As you know, Tom and I spent four days last week traveling up through north central and northwest Mississippi, coming back down through the vast Mississippi delta region on our trip home on Saturday. Today I want to talk about that.
First, let me write a bit more about being at Ground Zero Blues Club Friday night in Clarksdale. Blues aficionados have long held that the junction of Hwy. 61 and Hwy. 49 in Clarksdale, Mississippi is the place the Black Delta blues all began. That is where blues legend, called the father of rock and roll, Robert Johnson, is supposed to have sold his soul to the devil in exchange for being able to play his guitar and sing the blues.
We went in Ground Zero a couple of times and met some very interesting characters in there, including one older black man, Puddin’ Nate Turner, who did tricks with his dice. He could flip them from snake eyes to buck eyes in the fraction of a second, which Tom said was because he had trick dice. Even so, he knew how to use them and was a wonder to behold. He didn’t try to conn anyone or be a nuisance. He was just fun to watch and talk with and showed us a couple of photos taken of him hanging on the big square post next to the table where he was sitting.
We didn’t eat at Ground Zero, but the food is supposed to be down home soul food, so we hope to eat there next time we go.
One unique place we checked out (for next time) before we left Clarksdale was the Shack Up Inn, which is actually a series of old sharecroppers’ cabins that have been moved and set up as a make shift tourist court, so to speak, on the site of an old cotton plantation, Hopson Plantation, with its own cotton gin no less on the premises, which has also been converted into tourist "bins," as they call them.
We went in the old plantation Commissary out on the premises and talked with one of the owners of the place and found out that the cabins are very reasonably priced and named after old blues singers and various old artifacts (there’s a "Cadillac" Cabin).
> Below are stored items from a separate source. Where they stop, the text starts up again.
definition degree :: "'v set multiset \<Rightarrow> 'v \<Rightarrow> nat" where
  "degree T x = size (filter_mset (\<lambda>e. x \<in> e) T)"

lemma sum_degree_eq_twice_size:
  assumes "finite V" "\<forall>e\<in>#T. e \<subseteq> V \<and> card e = 2"
  shows "(\<Sum>x\<in>V. degree T x) = 2 * size T"
  using assms(2)
proof (induction T)
  case empty
  then show ?case by (simp add: degree_def)
next
  case (add e T)
  have "(\<Sum>x\<in>V. (if x \<in> e then 1 else 0::nat)) = card (V \<inter> e)"
    using assms(1) by (simp add: sum.If_cases)
  also have "V \<inter> e = e" using add.prems by auto
  finally have "(\<Sum>x\<in>V. (if x \<in> e then 1 else 0::nat)) = 2" using add.prems by simp
  moreover have "degree (add_mset e T) x = degree T x + (if x \<in> e then 1 else 0)" for x
    by (simp add: degree_def)
  ultimately show ?case using add by (simp add: sum.distrib)
qed

lemma size_eq_size_avoiding_plus_degree:
  "size T = size (filter_mset (\<lambda>e. x \<notin> e) T) + degree T x"
  unfolding degree_def by (metis add.commute size_union multiset_partition)

lemma two_le_size_if_distinct_members:
  assumes "a \<in># M" "b \<in># M" "a \<noteq> b"
  shows "2 \<le> size M"
proof -
  have "{#a, b#} \<subseteq># M" using assms
    by (simp add: insert_subset_eq_iff in_diff_count)
  then show ?thesis using size_mset_mono by fastforce
qed

lemma degree_ge_2_if_fixed:
  assumes "image_mset ((`) s) T = T" "\<forall>e\<in>#T. s ` e \<noteq> e" "s x = x" "1 \<le> degree T x"
  shows "2 \<le> degree T x"
proof -
  obtain e where e: "e \<in># filter_mset (\<lambda>e. x \<in> e) T"
    using assms(4) by (metis degree_def multiset_nonemptyE not_one_le_zero size_empty)
  then have "s ` e \<in># image_mset ((`) s) T" by auto
  then have "s ` e \<in># filter_mset (\<lambda>e. x \<in> e) T" using e assms(1,3) by force
  moreover have "s ` e \<noteq> e" using assms(2) e by auto
  ultimately show ?thesis unfolding degree_def using e two_le_size_if_distinct_members by metis
qed

lemma mset_subseteq_if_distinct:
  assumes "distinct xs" "set xs \<subseteq> set_mset M"
  shows "mset xs \<subseteq># M"
proof (rule mset_subset_eqI)
  fix x show "count (mset xs) x \<le> count M x"
    using assms by (cases "x \<in> set xs") (auto simp: distinct_count_atmost_1)
qed

lemma subseteq_add_single_if_notin:
  assumes "A \<subseteq># M + {#e#}" "e \<notin># A"
  shows "A \<subseteq># M"
proof (rule mset_subset_eqI)
  fix d
  have "count A d \<le> count (M + {#e#}) d" using assms(1) by (simp add: subseteq_mset_def)
  then show "count A d \<le> count M d" using assms(2) by (cases "d = e") (auto simp: not_in_iff)
qed

lemma mset_rotate: "mset (rotate n xs) = mset xs"
proof (induction n)
  case (Suc n)
  then show ?case by (cases "rotate n xs") auto
qed simp

lemma card2_other_element: "card e = 2 \<Longrightarrow> l \<in> e \<Longrightarrow> \<exists>z. e = {l, z} \<and> z \<noteq> l"
  by (auto simp: card_2_iff doubleton_eq_iff)

definition walk :: "'v set multiset \<Rightarrow> 'v list \<Rightarrow> bool" where
  "walk T ps \<longleftrightarrow> (\<forall>i. Suc i < length ps \<longrightarrow> {ps ! i, ps ! Suc i} \<in># T)"

definition path_edges :: "'v list \<Rightarrow> 'v set list" where
  "path_edges ds = map (\<lambda>j. {ds ! j, ds ! (j + 1)}) [0..<length ds - 1]"

definition cycle_edges :: "'v list \<Rightarrow> 'v set list" where
  "cycle_edges vs = map (\<lambda>i. {vs ! i, vs ! ((i + 1) mod length vs)}) [0..<length vs]"

lemma has_cycle_iff_cycle_edges:
  "has_cycle E \<longleftrightarrow> (\<exists>vs. 2 \<le> length vs \<and> distinct vs \<and> mset (cycle_edges vs) \<subseteq># E)"
  unfolding has_cycle_def cycle_edges_def by simp

lemma has_cycle_mono: "has_cycle A \<Longrightarrow> A \<subseteq># B \<Longrightarrow> has_cycle B"
  unfolding has_cycle_def using subset_mset.order_trans by blast

lemma has_cycle_if_parallel_edges:
  assumes "x \<noteq> y" "{#{x, y}, {x, y}#} \<subseteq># T"
  shows "has_cycle T"
  unfolding has_cycle_iff_cycle_edges
  using assms by (intro exI[of _ "[x, y]"]) (simp add: cycle_edges_def insert_commute)

lemma distinct_cycle_edges:
  assumes "distinct vs" "3 \<le> length vs"
  shows "distinct (cycle_edges vs)"
proof -
  let ?m = "length vs"
  have "{vs ! i, vs ! ((i + 1) mod ?m)} \<noteq> {vs ! j, vs ! ((j + 1) mod ?m)}"
    if ij: "i < ?m" "j < ?m" "i \<noteq> j" for i j
  proof
    assume eq: "{vs ! i, vs ! ((i + 1) mod ?m)} = {vs ! j, vs ! ((j + 1) mod ?m)}"
    have "vs ! i \<noteq> vs ! j" using assms(1) ij by (simp add: nth_eq_iff_index_eq)
    then have "vs ! i = vs ! ((j + 1) mod ?m)" "vs ! ((i + 1) mod ?m) = vs ! j"
      using eq by (auto simp: doubleton_eq_iff)
    moreover have "0 < ?m" using ij(1) by linarith
    then have "(i + 1) mod ?m < ?m" "(j + 1) mod ?m < ?m" by simp_all
    ultimately have "i = (j + 1) mod ?m" "(i + 1) mod ?m = j"
      using assms(1) ij by (auto simp: nth_eq_iff_index_eq)
    then have "i = ((i + 1) mod ?m + 1) mod ?m" by simp
    also have "\<dots> = (i + 2) mod ?m" by (simp add: mod_simps)
    finally show False using ij(1) assms(2) by (cases "i + 2 < ?m") (auto simp: mod_if split: if_splits)
  qed
  then show ?thesis unfolding cycle_edges_def distinct_conv_nth by auto
qed

lemma has_cycle_if_closed_walk:
  assumes "distinct cs" "3 \<le> length cs" "walk T cs" "{last cs, hd cs} \<in># T"
  shows "has_cycle T"
  unfolding has_cycle_iff_cycle_edges
proof (intro exI conjI)
  show "2 \<le> length cs" "distinct cs" using assms by auto
  have "e \<in># T" if e: "e \<in> set (cycle_edges cs)" for e
  proof -
    obtain i where i: "i < length cs" "e = {cs ! i, cs ! ((i + 1) mod length cs)}"
      using e by (auto simp: cycle_edges_def)
    show ?thesis
    proof (cases "Suc i < length cs")
      case True
      then show ?thesis using i assms(3) by (simp add: walk_def)
    next
      case False
      then have "Suc i = length cs" using i(1) by simp
      then have "i = length cs - 1" "(i + 1) mod length cs = 0" by auto
      moreover have "cs \<noteq> []" using assms(2) by auto
      ultimately show ?thesis using i assms(4) by (simp add: last_conv_nth hd_conv_nth)
    qed
  qed
  then show "mset (cycle_edges cs) \<subseteq># T"
    using mset_subseteq_if_distinct distinct_cycle_edges assms(1,2) by blast
qed

lemma cycle_edges_rotate: "cycle_edges (rotate k cs) = rotate k (cycle_edges cs)"
proof (rule nth_equalityI)
  show "length (cycle_edges (rotate k cs)) = length (rotate k (cycle_edges cs))"
    by (simp add: cycle_edges_def)
  fix n assume "n < length (cycle_edges (rotate k cs))"
  then have n: "n < length cs" by (simp add: cycle_edges_def)
  then have m: "cs \<noteq> []" by auto
  let ?m = "length cs"
  have "cycle_edges (rotate k cs) ! n
      = {cs ! ((k + n) mod ?m), cs ! ((k + (n + 1) mod ?m) mod ?m)}"
    using n m by (simp add: cycle_edges_def nth_rotate)
  also have "(k + (n + 1) mod ?m) mod ?m = ((k + n) mod ?m + 1) mod ?m"
    by (simp add: mod_simps add.assoc)
  also have "{cs ! ((k + n) mod ?m), cs ! (((k + n) mod ?m + 1) mod ?m)}
      = rotate k (cycle_edges cs) ! n"
    using n m by (simp add: cycle_edges_def nth_rotate)
  finally show "cycle_edges (rotate k cs) ! n = rotate k (cycle_edges cs) ! n" .
qed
We really want to go back up there and stay at the Shack Up Inn and spend some more time in Clarksdale because there is lot’s going on there, in a laid back kind of way.
On our way home, we drifted down through the Delta on old back roads and went through a lot of little towns that are mostly dead, with very few inhabitants remaining. In fact, we drove for three and one half hours on Saturday without seeing one restaurant/cafe where you could go in and eat even a down home meal and were greatly surprised, although I guess we shouldn’t have been.
It wasn’t until we got to the very edge of very old Yazoo City, which sits right on the edge of where the Delta meets the looming Mississippi rolling hills, until we found even a little greasy spoon in which to eat a late lunch. But the fried catfish plates we both ordered (after the deep fried dill pickles, which we scarfed down) turned out to be really good and we even had some catfish to bring home.
By the time we got home late Saturday afternoon we were tired out. It had been a lot of fun, but we stayed up really late the entire time and were ready to be home, even if it is a small townhouse/apartment.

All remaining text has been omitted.